13. The respondent did not refuse to entertain the applications for revocation and the application for permission to launch a new application for subsidiary protection on the basis that there was a prohibition on such. The reasons given by the respondent for refusing the applications made are set out at para. 5 in this judgment. Therefore, this ground is misconceived. In relation to the second sentence of that ground, clearly, there was no obligation to consider substantively the new information submitted in circumstances where the respondent had decided in limine not to entertain the application for revocation and not to permit a new application for subsidiary protection to be made.

14. The fifth ground advanced is in the following terms:

      “In the light of the new information/materials furnished, the failure of the first respondent to consider substantively the application made was in breach of the obligation of non refoulement imposed upon the respondents in domestic and European law in circumstances where a deportation order had already issued and where the first respondent had not considered refoulement since March 2012.”
15. This ground must fail on the basis that, as I have indicated at the beginning of this judgment, the applicant has successfully applied for a revocation of a deportation order and any question of refoulement will be dealt with in the context of that application for revocation of a deportation order which is ongoing and about which no complaint can be made. Therefore, this ground is misconceived.

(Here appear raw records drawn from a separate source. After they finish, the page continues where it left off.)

lemma step_bound:
  fixes p :: "nat pmf"
  assumes d2: "2 \<le> d"
    and H: "(\<integral>\<^sup>+ k. ennreal (real d ^ k) \<partial>measure_pmf p) \<le> ennreal (2 - 1 / real d)"
    and eps: "0 \<le> \<epsilon>" "\<epsilon> \<le> alive_prob d p n 0" and L: "1 \<le> L" "L \<le> Suc n"
  shows "alive_prob d p (Suc n) 0 \<le> alive_prob d p (Suc n - L) 0
           - (real d - 1) * \<epsilon>^2 * (\<Sum>r\<in>{1..L}. pmf p r) + measure (measure_pmf p) {L<..}"
proof -
  define a where "a = alive_prob d p (Suc n - L) 0"
  define V where "V = (\<lambda>r. \<Sum>j\<le>r - 1. real d ^ j)"
  define h1 where "h1 = (\<lambda>r. if r \<in> {1..L} then real d * V r * a - (real d - 1) * \<epsilon>^2 else 0)"
  have a: "0 \<le> a" "a \<le> 1" using alive_prob_bounds by (auto simp: a_def)
  have int_h1: "integrable (measure_pmf p) h1"
    by (rule integrable_pmf_finite_support[of "{1..L}"]) (auto simp: h1_def)
  have int_tail: "integrable (measure_pmf p) (indicator {L<..} :: nat \<Rightarrow> real)"
    by (rule measure_pmf.integrable_const_bound[where B=1]) auto
  have "alive_prob d p (Suc n) 0 \<le> (\<integral>r. h1 r + indicator {L<..} r \<partial>measure_pmf p)"
    unfolding alive_prob.simps
  proof (intro integral_mono alive_prob_integrable Bochner_Integration.integrable_add int_h1
      int_tail)
    fix r
    show "(if max 0 r = 0 then 0 else hit d (alive_prob d p n (max 0 r - 1)))
        \<le> h1 r + indicator {L<..} r"
    proof (cases "r \<in> {1..L}")
      case True
      then show ?thesis
        using step_integrand_bound[OF _ eps, of r L] d2 L by (auto simp: h1_def V_def a_def)
    next
      case False
      then show ?thesis using hit_bounds alive_prob_bounds by (auto simp: h1_def)
    qed
  qed
  also have "\<dots> = (\<integral>r. h1 r \<partial>measure_pmf p) + measure (measure_pmf p) {L<..}"
    using int_h1 int_tail by (subst Bochner_Integration.integral_add) auto
  also have "(\<integral>r. h1 r \<partial>measure_pmf p) = (\<Sum>r\<in>{1..L}. h1 r * pmf p r)"
    by (rule integral_measure_pmf_real) (auto simp: h1_def split: if_splits)
  also have "(\<Sum>r\<in>{1..L}. h1 r * pmf p r)
      = a * (\<Sum>r\<in>{1..L}. pmf p r * (real d * V r)) - (real d - 1) * \<epsilon>^2 * (\<Sum>r\<in>{1..L}. pmf p r)"
    by (simp add: h1_def sum_distrib_left sum_subtractf sum.distrib algebra_simps)
  also have "\<dots> \<le> a - (real d - 1) * \<epsilon>^2 * (\<Sum>r\<in>{1..L}. pmf p r)"
    using mult_left_mono[OF weighted_carry_le_one[OF d2 H, of L] a(1)] by (simp add: V_def)
  finally show ?thesis by (simp add: a_def)
qed
lemma marginal_succ_weight:
  fixes w :: "'a :: finite list \<Rightarrow> real"
  assumes "\<And>h. h \<in> hists t \<Longrightarrow> w h \<noteq> 0 \<Longrightarrow> K h = Q (h ! t)"
  shows "marginal (Suc t) (succ_weight w K) y = (\<Sum>x\<in>UNIV. marginal t w x * pmf (Q x) y)"
proof -
  have "marginal (Suc t) (succ_weight w K) y = (\<Sum>h\<in>hists t. w h * pmf (K h) y)"
    unfolding marginal_def sum_hists_Suc
    by (intro sum.cong refl) (simp add: hists_def nth_append)
  also have "\<dots> = (\<Sum>h\<in>hists t. w h * pmf (Q (h ! t)) y)"
    using assms by (intro sum.cong refl) (metis mult_zero_left)
  finally show ?thesis
    by (simp add: sum_marginal)
qed

definition obs_part :: "(nat \<Rightarrow> 'a list \<Rightarrow> 'a option list \<Rightarrow> bool) \<Rightarrow> nat \<Rightarrow> 'a option \<Rightarrow>
    ('a list \<Rightarrow> real) \<Rightarrow> 'a list \<Rightarrow> real" where
  "obs_part e t ob w h = (if obs_at e h t = ob then w h else 0)"

lemma sum_obs_part: "(\<Sum>ob\<in>UNIV. obs_part e t ob w h) = w (h :: 'a :: finite list)"
  by (simp add: obs_part_def)

lemma obs_part_Some_eq_0: "h ! t \<noteq> x \<Longrightarrow> obs_part e t (Some x) w h = 0"
  by (simp add: obs_part_def obs_at_def)
(* Any linear automorphism ${\bf A}$ of $L_{1,3}$ is a scalar multiple of a signed permutation induced by a vertex relabeling, i.e., ${\bf A}=c\,{\bf S}{\bf P}$ with $c\in\mathbb C\setminus\{0\}$, ${\bf S}$ a $3\times3$ diagonal matrix with entries $\pm1$, and ${\bf P}$ a permutation matrix sending $e_{\{i,j\}}$ to $e_{\{\sigma(i),\sigma(j)\}}$ for some permutation $\sigma$ of $\{1,2,3\}$.
   Context: Coordinates of $\mathbb C^3$ are indexed by the edges $\{1,2\},\{1,3\},\{2,3\}$. For complex numbers ${\bf p}_1,{\bf p}_2,{\bf p}_3$, $m({\bf p})$ has coordinates $m_{ij}=({\bf p}_i-{\bf p}_j)^2$; $M_{1,3}$ is the image of $m$, and $L_{1,3}=\{l\in\mathbb C^3:(l_{12}^2,l_{13}^2,l_{23}^2)\in M_{1,3}\}$. A linear automorphism of $L_{1,3}$ is a non-singular $3\times 3$ complex matrix mapping $L_{1,3}$ bijectively onto itself. *)

theory Defs
  imports "HOL-Analysis.Analysis" "HOL-Library.Numeral_Type"
begin

text \<open>Vertices are the elements 1,2,3 of type 3. Coordinates of C^3 are also indexed
  by type 3: coordinate 1 is edge {1,2}, coordinate 2 is edge {1,3}, coordinate 3 is edge {2,3}.\<close>

definition edge_verts :: "3 \<Rightarrow> 3 set" where
  "edge_verts e = (if e = 1 then {1,2} else if e = 2 then {1,3} else {2,3})"

definition edge_fst :: "3 \<Rightarrow> 3" where
  "edge_fst e = (if e = 3 then 2 else 1)"

definition edge_snd :: "3 \<Rightarrow> 3" where
  "edge_snd e = (if e = 1 then 2 else 3)"

definition meas :: "(3 \<Rightarrow> complex) \<Rightarrow> complex ^ 3" where
  "meas p = (\<chi> e. (p (edge_fst e) - p (edge_snd e))^2)"

definition M13 :: "(complex ^ 3) set" where
  "M13 = range meas"

definition L13 :: "(complex ^ 3) set" where
  "L13 = {l. (\<chi> e. (l $ e)^2) \<in> M13}"

definition lin_aut_L13 :: "complex ^ 3 ^ 3 \<Rightarrow> bool" where
  "lin_aut_L13 A \<longleftrightarrow> invertible A \<and> (\<lambda>l. A *v l) ` L13 = L13"

definition edge_perm_matrix :: "(3 \<Rightarrow> 3) \<Rightarrow> complex ^ 3 ^ 3" where
  "edge_perm_matrix \<sigma> = (\<chi> a b. if edge_verts a = \<sigma> ` edge_verts b then 1 else 0)"

definition sign_diag :: "complex ^ 3 ^ 3 \<Rightarrow> bool" where
  "sign_diag S \<longleftrightarrow> (\<forall>a b. a \<noteq> b \<longrightarrow> S $ a $ b = 0) \<and> (\<forall>a. S $ a $ a = 1 \<or> S $ a $ a = -1)"

end

theory Submission
  imports Defs
begin

text \<open>
  The set L13 is the union of the four planes l12 \<plusminus> l13 \<plusminus> l23 = 0, i.e. of the kernels of the
  bilinear forms dot m for m in tetra, the even vertices of the cube {-1,1}^3. A line contained
  in none of finitely many hyperplanes is not covered by them, so a linear automorphism A of L13
  maps each of the four planes into one of them; dually, the transpose of A maps each
  vertex of tetra to a nonzero multiple of a vertex, injectively. Since the vanishing of the sum
  of the four vertices is their only linear relation, all these multiples are one scalar c, and
  the transpose of A/c permutes tetra. It then permutes the edge midpoints \<plusminus>e_i of the
  tetrahedron, so A/c is a signed permutation matrix. Finally, every permutation of the three
  edges of the triangle is induced by the vertex relabeling that acts in the same way on the
  opposite vertices.
\<close>

text \<open>The complex bilinear form; \<^const>\<open>inner\<close> on complex vectors is the real inner product.\<close>

definition dot :: "'a::comm_semiring_1 ^ 'n \<Rightarrow> 'a ^ 'n \<Rightarrow> 'a" where
  "dot x y = (\<Sum>i\<in>UNIV. x $ i * y $ i)"

lemma dot_matrix_vector_mult: "dot x (A *v y) = dot (x v* A) y"
  unfolding dot_def matrix_vector_mult_def vector_matrix_mult_def
  by (simp add: sum_distrib_left sum_distrib_right mult_ac) (rule sum.swap)

lemma dot_add_right: "dot x (y + z) = dot x y + dot x z"
  by (simp add: dot_def distrib_left sum.distrib)

lemma dot_scale_right: "dot x (c *s y) = c * dot x y"
  by (simp add: dot_def sum_distrib_left mult_ac)

lemma inj_vector_matrix_mult:
  fixes A :: "'a::field ^ 'n ^ 'm"
  assumes "invertible A"
  shows "inj (\<lambda>x. x v* A)"
  by (metis assms inj_on_inverseI invertible_def vector_matrix_mul_assoc vector_matrix_mul_rid)
theorem lemma3:
  fixes f :: "real^'n \<Rightarrow> 'th \<Rightarrow> real"
    and g :: "real^'n \<Rightarrow> 'th \<Rightarrow> real^'n"
    and L tau :: nat
    and m M :: real
    and ths :: "nat \<Rightarrow> nat \<Rightarrow> 'th"
    and eps :: "nat \<Rightarrow> real"
    and w :: "nat \<Rightarrow> real^'n"
    and t :: nat
  assumes L: "L \<ge> 1" and tau: "tau \<ge> 1"
    and grad: "\<And>x th. ((\<lambda>y. f y th) has_derivative (\<lambda>h. g x th \<bullet> h)) (at x)"
    and mM: "0 < m" "m \<le> M"
    and A: "\<And>th x. \<exists>D. (shat g L th has_derivative D) (at x)
                 \<and> (\<forall>y z. y \<bullet> D z = z \<bullet> D y)
                 \<and> (\<forall>y. m * (norm y)\<^sup>2 \<le> y \<bullet> D y \<and> y \<bullet> D y \<le> M * (norm y)\<^sup>2)"
    and eps: "\<And>s. eps s > 0"
    and iter: "\<And>s. w (Suc s) = w s - eps s *\<^sub>R
                 (matrix_inv (olbfgs_B g L ths tau w s) *v shat g L (ths s) (w s))"
    and nondeg: "\<And>s. s < t \<Longrightarrow> w (Suc s) \<noteq> w s"
    and t: "t \<ge> 1"
  shows "trace (olbfgs_B g L ths tau w t) \<le> (real CARD('n) + real tau) * M
       \<and> det (olbfgs_B g L ths tau w t)
           \<ge> m ^ (CARD('n) + tau) / ((real CARD('n) + real tau) * M) ^ tau"
proof -
  let ?v = "olbfgs_v w" and ?r = "olbfgs_r g L ths w" and ?B = "olbfgs_Bu g L ths tau w t"
  define k where "k = min tau t"
  have M: "0 < M" using mM by linarith
  have pair: "curvature_pair m M (?v s) (?r s)" if "s < t" for s
    using olbfgs_curvature_pair[OF A less_imp_le[OF mM(1)] M nondeg[OF that]] .
  define c where "c = (norm (?r (t - 1)))\<^sup>2 / (?v (t - 1) \<bullet> ?r (t - 1))"
  have c: "m \<le> c" "c \<le> M"
    using curvature_pair_ratio[OF mM(1) pair] t unfolding c_def by auto
  have B0: "?B 0 = c *\<^sub>R mat 1"
    using t by (simp add: olbfgs_gamma_def c_def)
  have step: "?B (Suc u) = bfgs_update (?B u) (?v (t - k + u)) (?r (t - k + u))" for u
    by (simp add: k_def)
  have pairs: "curvature_pair m M (?v (t - k + u)) (?r (t - k + u))" if "u < k" for u
    unfolding k_def by (intro pair) (use that k_def in arith)
  have bounds: "trace (?B k) \<le> (real CARD('n) + real k) * M"
      "m ^ CARD('n) * (m / ((real CARD('n) + real k) * M)) ^ k \<le> det (?B k)"
    using bfgs_iterates_bounds[where B="?B" and k=k, OF mM(1) c B0 step pairs order_refl] by auto
  have "(real CARD('n) + real k) * M \<le> (real CARD('n) + real tau) * M"
    using M by (simp add: k_def)
  moreover have "m ^ (CARD('n) + tau) / ((real CARD('n) + real tau) * M) ^ tau
      \<le> m ^ CARD('n) * (m / ((real CARD('n) + real k) * M)) ^ k"
    by (rule power_ratio_bound_mono[OF mM]) (auto simp: k_def)
  ultimately show ?thesis
    unfolding olbfgs_B_def k_def[symmetric] using bounds by linarith
qed

end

16. The sixth ground advanced is as follows:

      “In circumstances where there exists a procedure to apply to ‘re-enter’ the asylum process (s. 17.7 of the Refugee Act 1996, as amended) and where such applications must be substantively considered despite a previous lawful refusal having been arrived at, then it is in breach of European law principles of equivalence and/or effectiveness to fail to provide a similar facility to persons wishing to ‘re-enter’ the subsidiary protection process.”
I have already indicated my answer to this point in the body of the judgment. My rejection of this ground is based upon the fundamental misconception of the principle of equivalence which underpins this ground.

17. The seventh ground advanced by the applicant is as follows:

“Regard should have been had by the first respondent to the infirmities that must now attach to the subsidiary protection refusal of 5th March 2012, in the light of subsequent CJEU and domestic jurisprudence.”

18. This ground must fail because no explanation has been provided why, (notwithstanding the fact that the judgment of the Court of Justice in M.M. is dated November 2012, and the judgment of the Irish High Court is dated January 2013) complaint is made for the first time almost 12 months later in respect of matters which should have been readily apparent to the applicant, at least since the date of the decision of the Court of Justice of the European Union in M.M., if not before then, given that the complaints which were agitated in that case were well known to practitioners of asylum law in Ireland.

19. The applicant has failed to make out an arguable legal error in the decisions in suit. No argument has been addressed to me which would persuade me to permit the applicant to challenge the decisions which were taken in response to the applicant’s letter of 13th December 2013, and no argument has been addressed to me to persuade me that there was a failure on the part of the respondents to address a request that the applicant be permitted to make a fresh application

20. For those reasons, I refuse leave to seek judicial review.